__WHAT TO PRODUCE__:
When a line of the listing below has the string "intro" in it, copy that line.

__INFORMATION SHOWN__:
definition lin_indep2 :: "complex^2^2 \<Rightarrow> complex^2^2 \<Rightarrow> bool" where
  "lin_indep2 M N \<longleftrightarrow>
     (\<forall>a b::complex. (\<forall>i j. a * M $ i $ j + b * N $ i $ j = 0) \<longrightarrow> a = 0 \<and> b = 0)"

definition bidx :: "bool \<Rightarrow> 2" where
  "bidx u = (if u then 2 else 1)"

definition matf :: "complex^2^2 \<Rightarrow> bool \<Rightarrow> bool \<Rightarrow> complex" where
  "matf M u v = M $ bidx u $ bidx v"

text \<open>A signature: an arity together with a function on Boolean lists (only lists of
  that length matter).\<close>
type_synonym sig = "nat \<times> (bool list \<Rightarrow> complex)"

definition sig_of_mat :: "complex^2^2 \<Rightarrow> sig" where
  "sig_of_mat M = (2, \<lambda>x. matf M (x ! 0) (x ! 1))"

text \<open>Gadgets: m vertices labelled by lab i (arity, function); vertex i has ports (i,j), j < arity.
  Dangling edges 0..<k are attached to the ports ext 0, ..., ext (k-1); the remaining ports are
  matched into internal edges by the fixed-point-free involution pr.\<close>
definition ports :: "nat \<Rightarrow> (nat \<Rightarrow> sig) \<Rightarrow> (nat \<times> nat) set" where
  "ports m lab = {(i, j). i < m \<and> j < fst (lab i)}"

definition internal_ports :: "nat \<Rightarrow> (nat \<Rightarrow> sig) \<Rightarrow> nat \<Rightarrow> (nat \<Rightarrow> nat \<times> nat) \<Rightarrow> (nat \<times> nat) set" where
  "internal_ports m lab k ext = ports m lab - ext ` {..<k}"
(* For every integer $k\ge 1$, let $G_k$ be the graph consisting of a path $u_1u_2\cdots u_{2^k-1}$ together with an independent set $\{v_0,\dots,v_{k-1}\}$ disjoint from the path, where $v_i$ is adjacent to $u_j$ if and only if $i$ is the largest integer such that $2^i$ divides $j$ (and there are no other edges). Then $G_k$ has $2^k+k-1$ vertices, is $\mathcal{O}_2$-free, does not contain $K_{3,3}$ as a subgraph, and has treewidth exactly $k$.
   Context: All graphs are finite and simple. Two vertex-disjoint subgraphs are independent if there is no edge between them. A graph is $\mathcal{O}_2$-free if it does not contain two vertex-disjoint cycles with no edge between them; equivalently, it has no induced subgraph that is a disjoint union of two cycles. *)

theory Defs
  imports Main
begin

type_synonym 'a graph = "'a set \<times> 'a set set"

definition verts :: "'a graph \<Rightarrow> 'a set" where "verts G = fst G"
definition edges :: "'a graph \<Rightarrow> 'a set set" where "edges G = snd G"

definition simple_graph :: "'a graph \<Rightarrow> bool" where
  "simple_graph G \<longleftrightarrow> finite (verts G) \<and>
     (\<forall>e\<in>edges G. \<exists>x y. x \<noteq> y \<and> x \<in> verts G \<and> y \<in> verts G \<and> e = {x, y})"

definition is_cycle :: "'a graph \<Rightarrow> 'a list \<Rightarrow> bool" where
  "is_cycle G xs \<longleftrightarrow> length xs \<ge> 3 \<and> distinct xs \<and> set xs \<subseteq> verts G \<and>
     (\<forall>i < length xs. {xs ! i, xs ! ((i + 1) mod length xs)} \<in> edges G)"

definition independent_sets :: "'a graph \<Rightarrow> 'a set \<Rightarrow> 'a set \<Rightarrow> bool" where
  "independent_sets G A B \<longleftrightarrow> A \<inter> B = {} \<and> (\<forall>a\<in>A. \<forall>b\<in>B. {a, b} \<notin> edges G)"

definition O2_free :: "'a graph \<Rightarrow> bool" where
  "O2_free G \<longleftrightarrow> \<not> (\<exists>xs ys. is_cycle G xs \<and> is_cycle G ys \<and> independent_sets G (set xs) (set ys))"

definition has_K33_subgraph :: "'a graph \<Rightarrow> bool" where
  "has_K33_subgraph G \<longleftrightarrow> (\<exists>a1 a2 a3 b1 b2 b3.
     distinct [a1, a2, a3, b1, b2, b3] \<and> {a1,a2,a3,b1,b2,b3} \<subseteq> verts G \<and>
     (\<forall>a\<in>{a1,a2,a3}. \<forall>b\<in>{b1,b2,b3}. {a, b} \<in> edges G))"

definition connected_in :: "'a graph \<Rightarrow> 'a set \<Rightarrow> bool" where
  "connected_in G S \<longleftrightarrow> S \<subseteq> verts G \<and>
     (\<forall>x\<in>S. \<forall>y\<in>S. (\<lambda>u v. u \<in> S \<and> v \<in> S \<and> {u, v} \<in> edges G)\<^sup>*\<^sup>* x y)"

definition is_tree :: "'b graph \<Rightarrow> bool" where
  "is_tree T \<longleftrightarrow> simple_graph T \<and> verts T \<noteq> {} \<and> connected_in T (verts T) \<and>
     \<not> (\<exists>xs. is_cycle T xs)"

definition tree_decomposition :: "'a graph \<Rightarrow> nat graph \<Rightarrow> (nat \<Rightarrow> 'a set) \<Rightarrow> bool" where
  "tree_decomposition G T B \<longleftrightarrow> is_tree T \<and>
     (\<forall>t\<in>verts T. B t \<subseteq> verts G) \<and>
     (\<forall>v\<in>verts G. \<exists>t\<in>verts T. v \<in> B t) \<and>
     (\<forall>e\<in>edges G. \<exists>t\<in>verts T. e \<subseteq> B t) \<and>
     (\<forall>v\<in>verts G. connected_in T {t \<in> verts T. v \<in> B t})"

definition treewidth :: "'a graph \<Rightarrow> nat" where
  "treewidth G = (LEAST w. \<exists>T B. tree_decomposition G T B \<and>
                      (\<forall>t\<in>verts T. card (B t) \<le> w + 1))"

text \<open>The graph G_k: Inl j is u_j (1 \<le> j \<le> 2^k-1), Inr i is v_i (i < k).\<close>
definition Gk :: "nat \<Rightarrow> (nat + nat) graph" where
  "Gk k = (Inl ` {1 .. 2^k - 1} \<union> Inr ` {..<k},
           {{Inl j, Inl (j + 1)} | j. 1 \<le> j \<and> j + 1 \<le> 2^k - 1} \<union>
           {{Inr i, Inl j} | i j. i < k \<and> 1 \<le> j \<and> j \<le> 2^k - 1 \<and>
               i = (GREATEST i. 2^i dvd j)})"

end

theory Submission
  imports Defs "HOL-Computational_Algebra.Primes"
begin

text \<open>
  Write nu(j) for the 2-adic valuation of j, so that v_i is adjacent exactly to the path
  vertices u_j with nu(j) = i. If i is the least index of a v-vertex on a cycle, the maximal run
  of consecutive path vertices ending at the top path vertex of the cycle starts and ends at
  multiples of 2^i, hence contains some u_j with nu(j) = i. So every cycle meets the
  v-vertices, and of two cycles the one containing the overall least v_i is joined by an edge
  to the other. A path vertex has at most three neighbours, which rules out K_{3,3}.
  For the treewidth, bags consisting of v_0, ..., v_{k-2} and one edge of the rest, arranged
  along a path, give width k; conversely the sets {v_i} together with the u_j for
  2^(i-1) < j <= 2^i, and the remaining top part of the path, are the branch sets of a
  K_{k+1} minor, which by the Helly property of subtrees of a tree forces a bag of size k + 1
  in every tree decomposition.
\<close>


section \<open>Walks, cycles and trees\<close>

definition adj_in :: "'b graph \<Rightarrow> 'b set \<Rightarrow> 'b \<Rightarrow> 'b \<Rightarrow> bool" where
  "adj_in G S = (\<lambda>u v. u \<in> S \<and> v \<in> S \<and> {u, v} \<in> edges G)"

lemma connected_in_iff:
  "connected_in G S \<longleftrightarrow> S \<subseteq> verts G \<and> (\<forall>x\<in>S. \<forall>y\<in>S. (adj_in G S)\<^sup>*\<^sup>* x y)"
  unfolding connected_in_def adj_in_def by simp

lemma symp_adj_in: "symp (adj_in G S)"
  by (rule sympI) (auto simp: adj_in_def insert_commute)

lemma adj_in_rtranclp_sym: "(adj_in G S)\<^sup>*\<^sup>* x y \<Longrightarrow> (adj_in G S)\<^sup>*\<^sup>* y x"
  using sympD[OF symp_rtranclp[OF symp_adj_in]] .

lemma adj_in_rtranclp_mono:
  "S \<subseteq> S' \<Longrightarrow> edges G \<subseteq> edges G' \<Longrightarrow> (adj_in G S)\<^sup>*\<^sup>* x y \<Longrightarrow> (adj_in G' S')\<^sup>*\<^sup>* x y"
  by (erule rtranclp_mono[THEN predicate2D, rotated]) (auto simp: adj_in_def)
(* Let $n\in\mathbb{N}_0\cup\{\infty\}$. If $n=0$, let $U=X$ be a topological space; if $n\ge 1$, let $X$ be a locally convex space over $\mathbb{K}$ and $U\subseteq X$ an open subset. Let $E_1,E_2,F$ be locally convex spaces, $\beta\colon E_1\times E_2\to F$ a bilinear map and $f\colon U\to E_1\times E_2$ a $C^n_{\mathbb{K}}$-map (for $n=0$: a continuous map). Assume that at least one of the following holds: (a) $X$ is metrizable and $\beta$ is sequentially continuous; or (b) $X$ is a $k^\infty$-space and $\beta$ is hypocontinuous in the second argument with respect to a set $\mathcal{S}$ of bounded subsets of $E_2$ which contains all compact subsets of $E_2$. Then $\beta\circ f\colon U\to F$ is $C^n_{\mathbb{K}}$.
   Context: $\mathbb{K}\in\{\mathbb{R},\mathbb{C}\}$; spaces serving as domain or range of differentiable maps are Hausdorff. Keller's $C^n$-maps: for $U\subseteq E$ open, $f\colon U\to F$ is $C^0_{\mathbb{K}}$ if continuous; $C^1_{\mathbb{K}}$ if continuous, the limit $df(x,y)=\lim_{t\to0}\frac{f(x+ty)-f(x)}{t}$ ($0\ne t\in\mathbb{K}$) exists for all $x\in U$, $y\in E$, and $df\colon U\times E\to F$ is continuous; $C^{n+1}_{\mathbb{K}}$ if $C^1_{\mathbb{K}}$ and $df$ is $C^n_{\mathbb{K}}$; $C^\infty_{\mathbb{K}}$ if $C^n_{\mathbb{K}}$ for all $n$. A Hausdorff space $X$ is a $k$-space if a subset $A\subseteq X$ is closed whenever $A\cap K$ is closed in $K$ for all compact $K\subseteq X$; $X$ is a $k^\infty$-space if it is Hausdorff and $X^n$ is a $k$-space for every $n\in\mathbb{N}$. A bilinear $\beta$ is hypocontinuous in the second argument with respect to $\mathcal{S}$ if it is separately continuous and for each $M\in\mathcal{S}$ and $0$-neighbourhood $W\subseteq F$ there is a $0$-neighbourhood $V\subseteq E_1$ with $\beta(V\times M)\subseteq W$. *)

theory Defs
  imports "HOL-Analysis.Analysis"
begin

(* The scalar field K is modelled by a type 'k :: real_normed_field (R or C);
   a K-vector space structure on a type 'a :: ab_group_add is given by an explicit
   scalar multiplication 's :: 'k \<Rightarrow> 'a \<Rightarrow> 'a', the topology is the
   type-class topology. *)

definition convex_K :: "('k::real_normed_field \<Rightarrow> 'a::ab_group_add \<Rightarrow> 'a) \<Rightarrow> 'a set \<Rightarrow> bool" where
  "convex_K s V \<longleftrightarrow>
     (\<forall>x\<in>V. \<forall>y\<in>V. \<forall>t::real. 0 \<le> t \<and> t \<le> 1 \<longrightarrow> s (of_real t) x + s (of_real (1 - t)) y \<in> V)"

definition lcs :: "('k::real_normed_field \<Rightarrow> 'a::{ab_group_add,t2_space} \<Rightarrow> 'a) \<Rightarrow> bool" where
  "lcs s \<longleftrightarrow> vector_space s
     \<and> continuous_on UNIV (\<lambda>(x::'a, y::'a). x + y)
     \<and> continuous_on UNIV (\<lambda>(c::'k, x::'a). s c x)
     \<and> (\<forall>W. open W \<and> (0::'a) \<in> W \<longrightarrow> (\<exists>V. open V \<and> 0 \<in> V \<and> V \<subseteq> W \<and> convex_K s V))"

definition bounded_K :: "('k::real_normed_field \<Rightarrow> 'a::{ab_group_add,topological_space} \<Rightarrow> 'a) \<Rightarrow> 'a set \<Rightarrow> bool" where
  "bounded_K s M \<longleftrightarrow>
     (\<forall>W. open W \<and> (0::'a) \<in> W \<longrightarrow> (\<exists>r>0. \<forall>t::'k. norm t \<ge> r \<longrightarrow> M \<subseteq> s t ` W))"

definition bilinear_K ::
  "('k::real_normed_field \<Rightarrow> 'e1::ab_group_add \<Rightarrow> 'e1) \<Rightarrow> ('k \<Rightarrow> 'e2::ab_group_add \<Rightarrow> 'e2)
     \<Rightarrow> ('k \<Rightarrow> 'f::ab_group_add \<Rightarrow> 'f) \<Rightarrow> ('e1 \<Rightarrow> 'e2 \<Rightarrow> 'f) \<Rightarrow> bool" where
  "bilinear_K s1 s2 sF \<beta> \<longleftrightarrow>
     (\<forall>b. Vector_Spaces.linear s1 sF (\<lambda>a. \<beta> a b)) \<and> (\<forall>a. Vector_Spaces.linear s2 sF (\<beta> a))"

definition seq_continuous2 :: "('e1::topological_space \<Rightarrow> 'e2::topological_space \<Rightarrow> 'f::topological_space) \<Rightarrow> bool" where
  "seq_continuous2 \<beta> \<longleftrightarrow>
     (\<forall>(z::nat \<Rightarrow> 'e1 \<times> 'e2) p. z \<longlonglongrightarrow> p \<longrightarrow>
        (\<lambda>k. \<beta> (fst (z k)) (snd (z k))) \<longlonglongrightarrow> \<beta> (fst p) (snd p))"

definition hypocontinuous2 ::
  "('e1::{zero,topological_space} \<Rightarrow> 'e2::topological_space \<Rightarrow> 'f::{zero,topological_space}) \<Rightarrow> 'e2 set set \<Rightarrow> bool" where
  "hypocontinuous2 \<beta> S \<longleftrightarrow>
     (\<forall>b. continuous_on UNIV (\<lambda>a. \<beta> a b)) \<and> (\<forall>a. continuous_on UNIV (\<beta> a))
     \<and> (\<forall>M\<in>S. \<forall>W. open W \<and> (0::'f) \<in> W \<longrightarrow>
            (\<exists>V. open V \<and> (0::'e1) \<in> V \<and> (\<forall>a\<in>V. \<forall>b\<in>M. \<beta> a b \<in> W)))"

definition k_inf_space :: "'a topology \<Rightarrow> bool" where
  "k_inf_space X \<longleftrightarrow> Hausdorff_space X
     \<and> (\<forall>n::nat. k_space (product_topology (\<lambda>i. X) {..<n}))"

(* Since the recursive definition changes the domain
   (f on U \<subseteq> X, df on U \<times> X, d(df) on (U \<times> X) \<times> (X \<times> X), ...), all
   domains are represented inside the finite powers X^m, realised as
   extensional functions nat \<Rightarrow> 'x on {..<m} with the product topology;
   a pair (p,q) \<in> X^m \<times> X^m is identified with its concatenation in X^(2m).
   ------------------------------------------------------------------------ *)

definition Xpow :: "nat \<Rightarrow> (nat \<Rightarrow> 'x::topological_space) topology" where
  "Xpow m = product_topology (\<lambda>i. euclidean) {..<m}"

definition padd :: "nat \<Rightarrow> (nat \<Rightarrow> 'x::plus) \<Rightarrow> (nat \<Rightarrow> 'x) \<Rightarrow> (nat \<Rightarrow> 'x)" where
  "padd m p q = restrict (\<lambda>i. p i + q i) {..<m}"

definition pscale :: "('k \<Rightarrow> 'x \<Rightarrow> 'x) \<Rightarrow> nat \<Rightarrow> 'k \<Rightarrow> (nat \<Rightarrow> 'x) \<Rightarrow> (nat \<Rightarrow> 'x)" where
  "pscale sX m t q = restrict (\<lambda>i. sX t (q i)) {..<m}"

definition fst_part :: "nat \<Rightarrow> (nat \<Rightarrow> 'x) \<Rightarrow> (nat \<Rightarrow> 'x)" where
  "fst_part m r = restrict r {..<m}"

definition snd_part :: "nat \<Rightarrow> (nat \<Rightarrow> 'x) \<Rightarrow> (nat \<Rightarrow> 'x)" where
  "snd_part m r = restrict (\<lambda>i. r (i + m)) {..<m}"

definition dom_d :: "nat \<Rightarrow> (nat \<Rightarrow> 'x::topological_space) set \<Rightarrow> (nat \<Rightarrow> 'x) set" where
  "dom_d m V = {r \<in> topspace (Xpow (2 * m)). fst_part m r \<in> V}"

definition diffq ::
  "('k::real_normed_field \<Rightarrow> 'x::plus \<Rightarrow> 'x) \<Rightarrow> ('k \<Rightarrow> 'f::minus \<Rightarrow> 'f) \<Rightarrow> nat
     \<Rightarrow> ((nat \<Rightarrow> 'x) \<Rightarrow> 'f) \<Rightarrow> (nat \<Rightarrow> 'x) \<Rightarrow> (nat \<Rightarrow> 'x) \<Rightarrow> 'k \<Rightarrow> 'f" where
  "diffq sX sF m g p q t = sF (inverse t) (g (padd m p (pscale sX m t q)) - g p)"

definition dd ::
  "('k::real_normed_field \<Rightarrow> 'x::plus \<Rightarrow> 'x) \<Rightarrow> ('k \<Rightarrow> 'f::{minus,t2_space} \<Rightarrow> 'f) \<Rightarrow> nat
     \<Rightarrow> ((nat \<Rightarrow> 'x) \<Rightarrow> 'f) \<Rightarrow> (nat \<Rightarrow> 'x) \<Rightarrow> 'f" where
  "dd sX sF m g r = Lim (at 0) (diffq sX sF m g (fst_part m r) (snd_part m r))"

definition C1_K ::
  "('k::real_normed_field \<Rightarrow> 'x::{ab_group_add,topological_space} \<Rightarrow> 'x) \<Rightarrow> ('k \<Rightarrow> 'f::{ab_group_add,t2_space} \<Rightarrow> 'f)
     \<Rightarrow> nat \<Rightarrow> (nat \<Rightarrow> 'x) set \<Rightarrow> ((nat \<Rightarrow> 'x) \<Rightarrow> 'f) \<Rightarrow> bool" where
  "C1_K sX sF m V g \<longleftrightarrow>
     continuous_map (subtopology (Xpow m) V) euclidean g
     \<and> (\<forall>p\<in>V. \<forall>q\<in>topspace (Xpow m). \<exists>l. (diffq sX sF m g p q \<longlongrightarrow> l) (at 0))
     \<and> continuous_map (subtopology (Xpow (2 * m)) (dom_d m V)) euclidean (dd sX sF m g)"

fun Cnat_K ::
  "('k::real_normed_field \<Rightarrow> 'x::{ab_group_add,topological_space} \<Rightarrow> 'x) \<Rightarrow> ('k \<Rightarrow> 'f::{ab_group_add,t2_space} \<Rightarrow> 'f)
     \<Rightarrow> nat \<Rightarrow> nat \<Rightarrow> (nat \<Rightarrow> 'x) set \<Rightarrow> ((nat \<Rightarrow> 'x) \<Rightarrow> 'f) \<Rightarrow> bool" where
  "Cnat_K sX sF 0 m V g = continuous_map (subtopology (Xpow m) V) euclidean g"
| "Cnat_K sX sF (Suc k) m V g =
     (C1_K sX sF m V g \<and> Cnat_K sX sF k (2 * m) (dom_d m V) (dd sX sF m g))"

definition emb1 :: "'x set \<Rightarrow> (nat \<Rightarrow> 'x) set" where
  "emb1 U = {p \<in> PiE {..<1} (\<lambda>_. UNIV). p 0 \<in> U}"

definition Cn_K ::
  "('k::real_normed_field \<Rightarrow> 'x::{ab_group_add,topological_space} \<Rightarrow> 'x) \<Rightarrow> ('k \<Rightarrow> 'f::{ab_group_add,t2_space} \<Rightarrow> 'f)
     \<Rightarrow> enat \<Rightarrow> 'x set \<Rightarrow> ('x \<Rightarrow> 'f) \<Rightarrow> bool" where
  "Cn_K sX sF n U f \<longleftrightarrow> open U \<and>
     (case n of enat k \<Rightarrow> Cnat_K sX sF k 1 (emb1 U) (\<lambda>p. f (p 0))
              | \<infinity> \<Rightarrow> (\<forall>k. Cnat_K sX sF k 1 (emb1 U) (\<lambda>p. f (p 0))))"

definition prod_scale :: "('k \<Rightarrow> 'a \<Rightarrow> 'a) \<Rightarrow> ('k \<Rightarrow> 'b \<Rightarrow> 'b) \<Rightarrow> 'k \<Rightarrow> 'a \<times> 'b \<Rightarrow> 'a \<times> 'b" where
  "prod_scale s1 s2 c z = (s1 c (fst z), s2 c (snd z))"

end

theory Submission
  imports Defs
begin

(* One shows by induction on k that beta(h1, h2) is C^k whenever h1 and h2 are, the derivative
   being given by the product rule
     d(beta(h1, h2))(p, q) = beta(dh1(p, q), h2 p) + beta(h1 p, dh2(p, q)),
   whose two summands are again of the form beta(C^(k-1), C^(k-1)) on the open set U x X^m.
   The difference quotients converge because beta is sequentially continuous and the
   parameter t ranges over the first countable field K.  Everything thus reduces to k = 0:
   beta(g1, g2) is continuous for continuous g1, g2 on open subsets of the powers of X.
   Under (a) these subsets are metrizable and sequential continuity suffices.  Under (b) they
   are k-spaces, and on a compact set C the map is continuous because g2(C) is compact, hence
   in S, and hypocontinuity makes beta jointly continuous on E1 x g2(C).  Hypocontinuity also
   yields sequential continuity, as a convergent sequence together with its limit is compact. *)

section \<open>Limits in locally convex spaces\<close>

lemma tendsto_continuous_binop:
  fixes op :: "'a::topological_space \<Rightarrow> 'b::topological_space \<Rightarrow> 'c::topological_space"
  assumes "continuous_on UNIV (\<lambda>(x, y). op x y)"
    and "(f \<longlongrightarrow> a) F" and "(g \<longlongrightarrow> b) F"
  shows "((\<lambda>i. op (f i) (g i)) \<longlongrightarrow> op a b) F"
  using continuous_on_tendsto_compose[OF assms(1) tendsto_Pair[OF assms(2,3)]] by simp

lemma continuous_map_binop:
  assumes "continuous_on UNIV (\<lambda>(x, y). op x y)"
    and "continuous_map Y euclidean f" and "continuous_map Y euclidean g"
  shows "continuous_map Y euclidean (\<lambda>y. op (f y) (g y))"
  using continuous_map_compose[OF continuous_map_pairedI[OF assms(2,3)], of euclidean "\<lambda>(x, y). op x y"]
    assms(1)
  by (simp add: o_def)

lemma lcs_vector_space: "lcs s \<Longrightarrow> vector_space s"
  by (simp add: lcs_def)

lemma lcs_continuous_add:
  fixes s :: "'k::real_normed_field \<Rightarrow> 'a::{ab_group_add,t2_space} \<Rightarrow> 'a"
  shows "lcs s \<Longrightarrow> continuous_on UNIV (\<lambda>(x, y::'a). x + y)"
  by (simp add: lcs_def)

lemma lcs_tendsto_add:
  fixes s :: "'k::real_normed_field \<Rightarrow> 'a::{ab_group_add,t2_space} \<Rightarrow> 'a"
    and f g :: "'b \<Rightarrow> 'a"
  assumes "lcs s" and "(f \<longlongrightarrow> a) F" and "(g \<longlongrightarrow> b) F"
  shows "((\<lambda>i. f i + g i) \<longlongrightarrow> a + b) F"
  using tendsto_continuous_binop[OF lcs_continuous_add[OF assms(1)] assms(2,3)] .

lemma lcs_tendsto_scale:
  assumes "lcs s" and "(c \<longlongrightarrow> c0) F" and "(f \<longlongrightarrow> a) F"
  shows "((\<lambda>i. s (c i) (f i)) \<longlongrightarrow> s c0 a) F"
  using assms by (intro tendsto_continuous_binop[of "\<lambda>c x. s c x"]) (simp_all add: lcs_def)

lemma lcs_tendsto_diff:
  fixes s :: "'k::real_normed_field \<Rightarrow> 'a::{ab_group_add,t2_space} \<Rightarrow> 'a"
    and f g :: "'b \<Rightarrow> 'a"
  assumes "lcs s" and "(f \<longlongrightarrow> a) F" and "(g \<longlongrightarrow> b) F"
  shows "((\<lambda>i. f i - g i) \<longlongrightarrow> a - b) F"
proof -
  interpret vector_space s using lcs_vector_space[OF assms(1)] .
  have "((\<lambda>i. f i + s (-1) (g i)) \<longlongrightarrow> a + s (-1) b) F"
    by (intro lcs_tendsto_add[OF assms(1)] lcs_tendsto_scale[OF assms(1)] assms(2,3) tendsto_const)
  then show ?thesis
    by simp
qed

section \<open>Finite powers of a space\<close>

lemma topspace_Xpow: "topspace (Xpow m) = PiE {..<m} (\<lambda>_. UNIV)"
  by (simp add: Xpow_def)

definition reindex :: "nat \<Rightarrow> (nat \<Rightarrow> nat) \<Rightarrow> (nat \<Rightarrow> 'x) \<Rightarrow> (nat \<Rightarrow> 'x)" where
  "reindex m \<sigma> r = restrict (\<lambda>i. r (\<sigma> i)) {..<m}"

lemma reindex_in_topspace: "reindex m \<sigma> r \<in> topspace (Xpow m)"
  by (simp add: topspace_Xpow reindex_def)

lemma fst_part_eq_reindex: "fst_part m = reindex m (\<lambda>i. i)"
  by (simp add: fun_eq_iff fst_part_def reindex_def)

lemma snd_part_eq_reindex: "snd_part m = reindex m (\<lambda>i. i + m)"
  by (simp add: fun_eq_iff snd_part_def reindex_def)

__TASK SOLUTION__:
  using assms by (intro tendsto_continuous_binop[of "\<lambda>c x. s c x"]) (simp_all add: lcs_def)
    by (intro lcs_tendsto_add[OF assms(1)] lcs_tendsto_scale[OF assms(1)] assms(2,3) tendsto_const)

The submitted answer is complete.